Nor is it that Morrison only succeeds when he’s reigned in by the rules and conventions of “mainstream” comics. His recent run with Batman — which climaxed with the character’s kinda-sorta “death,” or something like it — is semi-coherent, focused far more of freaky-deaky fractured storytelling and can-you-believe-your-eyes milestone events (Batman has a son! Batman dies! Or does he!) than the crucial plot and character mechanics that ought to drive this sort of story. But comparatively out-there limited series like The Filth and We3, on the other hand, both work expertly, weaving thematic Morrison’s fascination with personhood and identity into carefully worlds equal parts utter nonsense and gritty reality. The Filth is almost impossible to summarize (though if you’re interested, knock yourself out with this totally accurate but totally inadequate Wikipedia article), but let’s just say that if David Cronenberg ever produces a series for HBO, I dearly hope it’s an adaptation of The Filth.

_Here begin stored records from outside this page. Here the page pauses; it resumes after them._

text \<open>Hyperbolic length of the projected closed horocycle: hyperbolic length of a
fundamental arc of horocycle k for the stabilizer of its center, which is generated
by k n_lambda k^-1 with n_lambda = [[1,lambda],[0,1]] (the arc s in [0,lambda] has
hyperbolic length lambda).\<close>
definition horocycle_length :: "(real^2^2) set \<Rightarrow> real^2^2 \<Rightarrow> real" where
  "horocycle_length \<Gamma> k = Inf {l. l > 0 \<and> k ** mat2 1 l 0 1 ** matrix_inv k \<in> \<Gamma>}"

definition cusp_recurrent :: "(real^2^2) set \<Rightarrow> real^2^2 \<Rightarrow> bool" where
  "cusp_recurrent \<Gamma> h \<longleftrightarrow>
     \<not> parabolic_fixed_point \<Gamma> (col1 h) \<and>
     (\<exists>K :: nat \<Rightarrow> real^2^2. \<exists>\<tau> :: nat \<Rightarrow> real.
        (\<forall>n. closed_horocycle_data \<Gamma> (K n)) \<and>
        (\<lambda>n. horocycle_length \<Gamma> (K n)) \<longlonglongrightarrow> 0 \<and>
        (\<forall>n. \<tau> n \<ge> 0 \<and> (\<exists>\<gamma>\<in>\<Gamma>. mob (\<gamma> ** h ** geo_a (\<tau> n)) \<i> \<in> horocycle (K n))))"

end

theory Submission
  imports Defs
begin

(* Everything is driven by closed geodesics lying high up in a cusp.  Conjugate so that a cusp
   sits at infinity with a translation P : z \<mapsto> z + lam in its stabiliser, and pick g0 in the
   group not fixing infinity (non-elementarity), i.e. with lower-left entry c \<noteq> 0.  For large
   m the element P^m g0 is hyperbolic with trace about m lam c, and its axis reaches height
   about |trace| / (1 + c^2); so there are periodic vectors arbitrarily high in the cusp.
   Periodic vectors are nonwandering, hence lie in the closure of the forward orbit of u.

   If u(+oo) were fixed by a parabolic p, the orbit would return, at times tending to
   infinity, arbitrarily close to such a periodic vector; conjugating p back along the ray
   then produces group elements converging to +-I, contradicting discreteness.  Otherwise
   the orbit passes through points at heights y_n -> oo in the cusp, and the horocycle
   centred at the cusp through such a point has length at most lam / y_n. *)

section \<open>Matrices in SL(2,R)\<close>

lemma mat2_nth [simp]:
  "mat2 a b c d $ 1 $ 1 = a" "mat2 a b c d $ 1 $ 2 = b"
  "mat2 a b c d $ 2 $ 1 = c" "mat2 a b c d $ 2 $ 2 = d"
  by (simp_all add: mat2_def)

lemma mat2_eta: "M = mat2 (M$1$1) (M$1$2) (M$2$1) (M$2$2)"
  by (simp add: mat2_def vec_eq_iff forall_2)

lemma mat2_eq_iff: "mat2 a b c d = mat2 a' b' c' d' \<longleftrightarrow> a = a' \<and> b = b' \<and> c = c' \<and> d = d'"
  by (metis mat2_nth)

lemma matrix_eq_iff_2:
  "(M::real^2^2) = N \<longleftrightarrow> M$1$1 = N$1$1 \<and> M$1$2 = N$1$2 \<and> M$2$1 = N$2$1 \<and> M$2$2 = N$2$2"
  by (metis mat2_eta)

lemma matrix_mult_nth_2: "((M::real^2^2) ** N) $ i $ j = M$i$1 * N$1$j + M$i$2 * N$2$j"
  by (simp add: matrix_matrix_mult_def sum_2)

lemma mat2_mult:
  "mat2 a b c d ** mat2 e f g h = mat2 (a*e + b*g) (a*f + b*h) (c*e + d*g) (c*f + d*h)"
  by (simp add: mat2_def matrix_matrix_mult_def vec_eq_iff forall_2 sum_2)

lemma mat_1_eq_mat2: "(mat 1 :: real^2^2) = mat2 1 0 0 1"
  by (simp add: mat2_def mat_def vec_eq_iff forall_2)

lemma det_mat2 [simp]: "det (mat2 a b c d) = a*d - b*c"
  by (simp add: det_2)

lemma scaleR_mat2: "r *\<^sub>R mat2 a b c d = mat2 (r*a) (r*b) (r*c) (r*d)"
  by (simp add: mat2_def vec_eq_iff forall_2)

lemma col1_nth [simp]: "col1 k $ i = k $ i $ 1"
  by (simp add: col1_def)

lemma matrix_vector_mult_col1: "(g::real^2^2) *v col1 k = col1 (g ** k)"
  by (simp add: col1_def matrix_vector_mult_def matrix_matrix_mult_def vec_eq_iff)

lemma SL2_iff_det: "M \<in> SL2 \<longleftrightarrow> det M = 1"
  by (simp add: SL2_def)

definition adj2 :: "real^2^2 \<Rightarrow> real^2^2" where
  "adj2 M = mat2 (M$2$2) (-M$1$2) (-M$2$1) (M$1$1)"

lemma adj2_right: "det M = 1 \<Longrightarrow> M ** adj2 M = mat 1"
  by (subst (1) mat2_eta[of M]) (simp add: adj2_def mat2_mult mat_1_eq_mat2 det_2 mat2_eq_iff algebra_simps)

lemma adj2_left: "det M = 1 \<Longrightarrow> adj2 M ** M = mat 1"
  by (subst (2) mat2_eta[of M]) (simp add: adj2_def mat2_mult mat_1_eq_mat2 det_2 mat2_eq_iff algebra_simps)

Still, of all the Morrison works I’ve read, I suspect We3 is the most likely to be of interest to TAS readers, as it’s something of a sci-fi inversion of Watership Down (or perhaps a grown-up retelling of The Secret of NIMH) — telling a story of cuddly housepets who’ve been bioengineered into ultra deadly killing machines by the military industrial complex. After assassinating a number of third-world dictators in a bioweapons trial phase, they’re scheduled for decommissioning. But they escape, and fight off the military as they search for someplace they can call home. Morrison’s decision to give the animals rudimentary speech — “gud dog”, “bad dog”, “stay”, “is come” — blurs the line between Ninja-Turtle style cartoon anthropomorphism and cute-pet sentimentalism, but ends up someplace smarter and more affecting than either — with alien creatures you somehow relate to anyway. It’s weird. It’s graphic. It’s probably going to get you funny looks on the subway. But it’s also surprisingly touching.

And that’s why it’s so frustrating when Morrison decides to go the hipster mad-scientist route and coast on pomo allusions and a very high weird-shit factor. Believe me, I like weird shit as much as the next comic-book-loving libertarian journalist — but when you’re looking for an actual story, it’s not enough.